> **Listed records**:
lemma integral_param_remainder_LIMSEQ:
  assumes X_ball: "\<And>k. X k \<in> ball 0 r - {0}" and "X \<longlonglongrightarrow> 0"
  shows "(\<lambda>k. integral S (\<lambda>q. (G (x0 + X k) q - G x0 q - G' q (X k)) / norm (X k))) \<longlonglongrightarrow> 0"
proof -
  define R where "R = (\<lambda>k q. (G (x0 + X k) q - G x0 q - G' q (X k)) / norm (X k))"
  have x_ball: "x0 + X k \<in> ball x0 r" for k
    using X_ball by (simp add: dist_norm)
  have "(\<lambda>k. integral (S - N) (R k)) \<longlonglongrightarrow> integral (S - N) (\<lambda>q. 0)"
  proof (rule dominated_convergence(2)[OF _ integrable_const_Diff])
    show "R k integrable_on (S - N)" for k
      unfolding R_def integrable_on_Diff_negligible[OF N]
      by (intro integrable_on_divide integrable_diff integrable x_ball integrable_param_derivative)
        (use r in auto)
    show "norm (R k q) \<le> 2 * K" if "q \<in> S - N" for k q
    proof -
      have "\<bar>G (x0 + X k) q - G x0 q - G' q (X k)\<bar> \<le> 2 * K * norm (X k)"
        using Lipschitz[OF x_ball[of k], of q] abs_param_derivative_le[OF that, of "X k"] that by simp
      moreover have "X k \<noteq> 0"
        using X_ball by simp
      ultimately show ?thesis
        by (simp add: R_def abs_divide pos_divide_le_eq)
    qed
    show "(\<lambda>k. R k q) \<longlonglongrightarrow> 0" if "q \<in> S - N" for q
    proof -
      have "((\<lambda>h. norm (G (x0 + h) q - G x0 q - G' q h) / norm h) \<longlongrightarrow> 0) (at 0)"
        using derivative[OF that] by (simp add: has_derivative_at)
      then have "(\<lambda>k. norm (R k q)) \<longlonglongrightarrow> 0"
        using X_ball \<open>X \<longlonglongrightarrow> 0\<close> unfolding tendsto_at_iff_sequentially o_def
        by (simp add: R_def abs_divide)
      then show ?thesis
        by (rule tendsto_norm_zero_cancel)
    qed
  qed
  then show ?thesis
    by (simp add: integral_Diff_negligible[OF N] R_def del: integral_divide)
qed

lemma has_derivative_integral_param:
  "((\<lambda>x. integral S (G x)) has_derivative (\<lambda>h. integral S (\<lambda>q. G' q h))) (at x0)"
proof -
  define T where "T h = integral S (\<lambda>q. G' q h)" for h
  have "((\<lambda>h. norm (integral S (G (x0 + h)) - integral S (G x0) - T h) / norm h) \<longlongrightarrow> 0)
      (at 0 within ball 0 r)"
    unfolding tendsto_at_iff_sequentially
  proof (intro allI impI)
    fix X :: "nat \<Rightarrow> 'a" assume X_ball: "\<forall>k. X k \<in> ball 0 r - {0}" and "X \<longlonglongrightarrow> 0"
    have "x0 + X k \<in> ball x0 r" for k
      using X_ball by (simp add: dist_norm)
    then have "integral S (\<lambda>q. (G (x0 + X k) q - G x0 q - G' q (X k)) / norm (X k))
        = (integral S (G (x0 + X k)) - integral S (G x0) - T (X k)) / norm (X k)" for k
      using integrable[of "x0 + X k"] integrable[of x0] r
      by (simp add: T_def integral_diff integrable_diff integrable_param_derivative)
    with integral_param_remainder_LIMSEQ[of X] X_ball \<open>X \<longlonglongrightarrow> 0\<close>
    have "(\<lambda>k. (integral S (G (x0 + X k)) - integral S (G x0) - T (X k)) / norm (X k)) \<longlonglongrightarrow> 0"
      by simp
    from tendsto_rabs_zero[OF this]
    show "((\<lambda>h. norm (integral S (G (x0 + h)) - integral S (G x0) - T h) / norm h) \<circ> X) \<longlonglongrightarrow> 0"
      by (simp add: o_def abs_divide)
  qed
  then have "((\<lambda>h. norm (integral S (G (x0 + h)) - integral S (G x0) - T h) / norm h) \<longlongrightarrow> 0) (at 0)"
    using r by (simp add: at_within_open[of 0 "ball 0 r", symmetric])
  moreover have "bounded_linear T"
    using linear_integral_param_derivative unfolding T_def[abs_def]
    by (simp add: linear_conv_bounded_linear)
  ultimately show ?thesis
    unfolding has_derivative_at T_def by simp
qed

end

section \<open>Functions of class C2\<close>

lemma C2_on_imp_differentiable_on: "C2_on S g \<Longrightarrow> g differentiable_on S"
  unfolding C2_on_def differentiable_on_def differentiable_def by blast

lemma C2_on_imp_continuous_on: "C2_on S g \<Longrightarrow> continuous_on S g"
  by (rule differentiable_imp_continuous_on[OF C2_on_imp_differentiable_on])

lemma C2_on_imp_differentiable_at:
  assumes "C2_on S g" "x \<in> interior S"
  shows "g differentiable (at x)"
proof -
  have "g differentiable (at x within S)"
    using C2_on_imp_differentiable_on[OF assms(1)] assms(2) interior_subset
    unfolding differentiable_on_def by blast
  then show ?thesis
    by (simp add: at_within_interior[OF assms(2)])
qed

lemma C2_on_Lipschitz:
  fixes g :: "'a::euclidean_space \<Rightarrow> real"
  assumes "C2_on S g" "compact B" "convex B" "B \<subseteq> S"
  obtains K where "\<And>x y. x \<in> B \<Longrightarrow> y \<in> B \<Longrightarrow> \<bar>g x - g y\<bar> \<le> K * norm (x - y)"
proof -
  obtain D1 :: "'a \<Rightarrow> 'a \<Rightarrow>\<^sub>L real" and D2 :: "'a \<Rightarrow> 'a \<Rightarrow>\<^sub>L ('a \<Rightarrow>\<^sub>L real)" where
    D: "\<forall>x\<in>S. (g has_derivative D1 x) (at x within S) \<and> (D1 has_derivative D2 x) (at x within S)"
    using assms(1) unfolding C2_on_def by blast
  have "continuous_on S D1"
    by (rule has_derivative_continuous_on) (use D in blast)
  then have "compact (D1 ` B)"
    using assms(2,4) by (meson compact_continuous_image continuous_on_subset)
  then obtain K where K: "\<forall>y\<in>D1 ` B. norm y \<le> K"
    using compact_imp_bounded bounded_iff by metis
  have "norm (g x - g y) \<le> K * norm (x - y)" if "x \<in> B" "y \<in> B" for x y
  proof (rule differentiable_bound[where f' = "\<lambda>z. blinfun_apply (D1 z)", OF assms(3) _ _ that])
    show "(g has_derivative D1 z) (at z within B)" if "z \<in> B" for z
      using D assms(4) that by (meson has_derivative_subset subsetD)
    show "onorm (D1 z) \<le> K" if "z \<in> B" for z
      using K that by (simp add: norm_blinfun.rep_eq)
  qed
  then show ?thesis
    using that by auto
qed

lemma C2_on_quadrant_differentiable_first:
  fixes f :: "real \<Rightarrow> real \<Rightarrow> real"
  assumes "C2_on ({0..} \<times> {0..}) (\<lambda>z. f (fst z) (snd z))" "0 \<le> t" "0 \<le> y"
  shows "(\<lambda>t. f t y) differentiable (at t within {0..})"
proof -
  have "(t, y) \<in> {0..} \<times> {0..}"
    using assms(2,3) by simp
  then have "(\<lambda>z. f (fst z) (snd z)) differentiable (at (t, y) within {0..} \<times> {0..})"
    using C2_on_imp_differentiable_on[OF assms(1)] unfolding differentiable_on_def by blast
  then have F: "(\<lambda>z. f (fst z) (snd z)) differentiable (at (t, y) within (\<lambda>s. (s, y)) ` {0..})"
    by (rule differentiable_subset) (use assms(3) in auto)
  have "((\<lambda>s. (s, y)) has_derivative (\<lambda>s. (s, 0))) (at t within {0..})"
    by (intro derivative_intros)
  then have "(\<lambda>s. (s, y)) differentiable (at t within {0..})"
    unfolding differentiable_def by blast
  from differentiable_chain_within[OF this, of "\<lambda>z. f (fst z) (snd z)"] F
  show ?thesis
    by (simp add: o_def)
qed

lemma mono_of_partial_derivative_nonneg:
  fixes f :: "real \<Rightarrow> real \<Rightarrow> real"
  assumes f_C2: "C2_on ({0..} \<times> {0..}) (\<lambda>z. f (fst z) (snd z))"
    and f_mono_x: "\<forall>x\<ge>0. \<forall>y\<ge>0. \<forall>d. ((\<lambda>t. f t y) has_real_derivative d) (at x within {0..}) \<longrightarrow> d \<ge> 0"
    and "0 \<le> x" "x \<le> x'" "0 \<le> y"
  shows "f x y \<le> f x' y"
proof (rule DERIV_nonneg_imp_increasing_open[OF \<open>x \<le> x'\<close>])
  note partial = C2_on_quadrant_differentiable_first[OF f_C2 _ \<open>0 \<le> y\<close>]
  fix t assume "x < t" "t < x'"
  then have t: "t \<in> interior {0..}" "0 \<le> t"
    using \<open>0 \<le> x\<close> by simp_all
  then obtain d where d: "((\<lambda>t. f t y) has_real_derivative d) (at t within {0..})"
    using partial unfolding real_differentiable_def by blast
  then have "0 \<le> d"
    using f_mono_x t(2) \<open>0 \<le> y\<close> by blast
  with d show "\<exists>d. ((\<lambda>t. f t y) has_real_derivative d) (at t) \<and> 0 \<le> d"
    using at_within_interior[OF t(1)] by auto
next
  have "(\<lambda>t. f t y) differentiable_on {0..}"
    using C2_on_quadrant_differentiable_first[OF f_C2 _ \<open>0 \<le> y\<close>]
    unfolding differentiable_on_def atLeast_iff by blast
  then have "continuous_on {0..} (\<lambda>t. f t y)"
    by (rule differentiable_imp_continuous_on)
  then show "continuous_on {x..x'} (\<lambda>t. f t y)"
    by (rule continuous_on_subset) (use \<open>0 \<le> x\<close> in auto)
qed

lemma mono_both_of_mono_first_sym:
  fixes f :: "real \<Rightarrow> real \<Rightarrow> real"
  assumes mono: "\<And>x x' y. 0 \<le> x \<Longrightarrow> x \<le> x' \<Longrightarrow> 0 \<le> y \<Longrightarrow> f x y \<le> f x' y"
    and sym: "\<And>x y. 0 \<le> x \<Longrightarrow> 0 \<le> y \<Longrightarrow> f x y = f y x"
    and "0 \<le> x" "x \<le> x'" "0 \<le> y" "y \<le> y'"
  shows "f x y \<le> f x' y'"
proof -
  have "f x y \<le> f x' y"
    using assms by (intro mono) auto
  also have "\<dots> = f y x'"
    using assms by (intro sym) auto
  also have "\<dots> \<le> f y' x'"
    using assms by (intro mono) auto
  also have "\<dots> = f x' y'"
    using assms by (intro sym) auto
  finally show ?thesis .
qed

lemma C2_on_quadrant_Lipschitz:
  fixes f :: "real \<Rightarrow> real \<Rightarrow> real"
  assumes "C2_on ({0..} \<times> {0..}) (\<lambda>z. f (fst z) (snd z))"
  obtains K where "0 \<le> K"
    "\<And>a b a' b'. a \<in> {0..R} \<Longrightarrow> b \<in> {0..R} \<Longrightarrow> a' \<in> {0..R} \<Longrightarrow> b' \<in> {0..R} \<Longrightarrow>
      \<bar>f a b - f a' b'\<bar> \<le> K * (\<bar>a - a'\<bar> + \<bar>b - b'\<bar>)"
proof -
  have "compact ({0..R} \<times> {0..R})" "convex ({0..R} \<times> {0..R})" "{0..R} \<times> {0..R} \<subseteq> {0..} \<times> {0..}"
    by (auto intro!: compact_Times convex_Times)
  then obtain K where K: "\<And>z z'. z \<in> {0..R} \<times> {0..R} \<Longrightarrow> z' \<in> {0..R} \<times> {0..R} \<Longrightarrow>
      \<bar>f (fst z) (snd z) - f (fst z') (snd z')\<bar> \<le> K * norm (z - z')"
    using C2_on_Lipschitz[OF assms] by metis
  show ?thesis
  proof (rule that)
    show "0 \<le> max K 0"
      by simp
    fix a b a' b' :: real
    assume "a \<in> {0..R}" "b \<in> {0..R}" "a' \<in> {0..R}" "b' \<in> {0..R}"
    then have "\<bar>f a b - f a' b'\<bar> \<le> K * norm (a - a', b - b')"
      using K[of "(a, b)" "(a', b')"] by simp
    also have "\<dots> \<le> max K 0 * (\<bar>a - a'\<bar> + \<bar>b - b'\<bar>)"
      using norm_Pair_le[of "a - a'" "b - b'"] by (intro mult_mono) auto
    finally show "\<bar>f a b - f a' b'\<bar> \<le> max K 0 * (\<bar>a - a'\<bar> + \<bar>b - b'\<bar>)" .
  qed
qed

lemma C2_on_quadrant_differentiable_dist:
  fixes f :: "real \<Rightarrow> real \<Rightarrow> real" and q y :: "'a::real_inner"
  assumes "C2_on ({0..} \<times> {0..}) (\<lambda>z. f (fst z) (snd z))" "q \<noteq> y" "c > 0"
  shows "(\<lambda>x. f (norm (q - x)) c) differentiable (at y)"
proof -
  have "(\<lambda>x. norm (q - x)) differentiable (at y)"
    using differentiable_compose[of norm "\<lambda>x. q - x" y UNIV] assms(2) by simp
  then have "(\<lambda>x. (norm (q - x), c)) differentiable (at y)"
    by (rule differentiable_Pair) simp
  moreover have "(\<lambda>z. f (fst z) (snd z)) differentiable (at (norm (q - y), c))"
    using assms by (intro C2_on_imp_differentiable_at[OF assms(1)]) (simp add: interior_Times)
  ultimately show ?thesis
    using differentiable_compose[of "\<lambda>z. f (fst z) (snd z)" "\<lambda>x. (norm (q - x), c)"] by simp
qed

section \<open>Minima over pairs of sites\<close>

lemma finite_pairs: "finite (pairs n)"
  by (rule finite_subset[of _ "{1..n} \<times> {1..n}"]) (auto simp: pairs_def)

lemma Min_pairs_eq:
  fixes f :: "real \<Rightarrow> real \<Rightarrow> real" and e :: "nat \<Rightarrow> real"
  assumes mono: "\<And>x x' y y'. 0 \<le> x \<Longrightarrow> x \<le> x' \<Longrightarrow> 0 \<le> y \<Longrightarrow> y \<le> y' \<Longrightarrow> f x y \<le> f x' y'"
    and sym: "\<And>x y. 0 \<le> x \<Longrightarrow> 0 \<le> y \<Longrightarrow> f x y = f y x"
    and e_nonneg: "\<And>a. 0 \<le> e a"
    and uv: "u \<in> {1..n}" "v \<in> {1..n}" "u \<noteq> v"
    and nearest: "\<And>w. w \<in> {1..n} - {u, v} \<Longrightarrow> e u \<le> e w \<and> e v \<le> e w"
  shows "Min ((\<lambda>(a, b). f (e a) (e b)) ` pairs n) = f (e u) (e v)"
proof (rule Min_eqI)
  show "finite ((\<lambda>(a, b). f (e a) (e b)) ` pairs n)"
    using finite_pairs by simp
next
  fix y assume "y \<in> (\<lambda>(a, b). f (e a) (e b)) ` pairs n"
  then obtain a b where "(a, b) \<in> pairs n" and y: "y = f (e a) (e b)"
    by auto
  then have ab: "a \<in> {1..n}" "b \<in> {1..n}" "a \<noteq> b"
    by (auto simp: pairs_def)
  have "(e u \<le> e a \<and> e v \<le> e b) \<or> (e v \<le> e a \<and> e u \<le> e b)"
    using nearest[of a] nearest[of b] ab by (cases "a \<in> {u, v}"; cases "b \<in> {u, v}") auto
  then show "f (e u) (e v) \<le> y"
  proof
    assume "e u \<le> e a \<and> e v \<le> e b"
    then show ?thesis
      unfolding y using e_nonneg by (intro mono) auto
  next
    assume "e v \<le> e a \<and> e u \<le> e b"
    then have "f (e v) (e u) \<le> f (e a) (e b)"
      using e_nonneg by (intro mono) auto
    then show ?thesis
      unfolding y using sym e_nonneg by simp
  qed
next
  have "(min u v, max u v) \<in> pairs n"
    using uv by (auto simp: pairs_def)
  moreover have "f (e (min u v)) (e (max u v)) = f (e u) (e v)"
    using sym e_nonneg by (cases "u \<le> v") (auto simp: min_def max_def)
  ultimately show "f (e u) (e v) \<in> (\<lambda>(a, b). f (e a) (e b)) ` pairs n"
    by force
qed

> **What you have to do**: The number of lines in the data that hold "from" must be the entire answer.

> **Solution for this task**: 2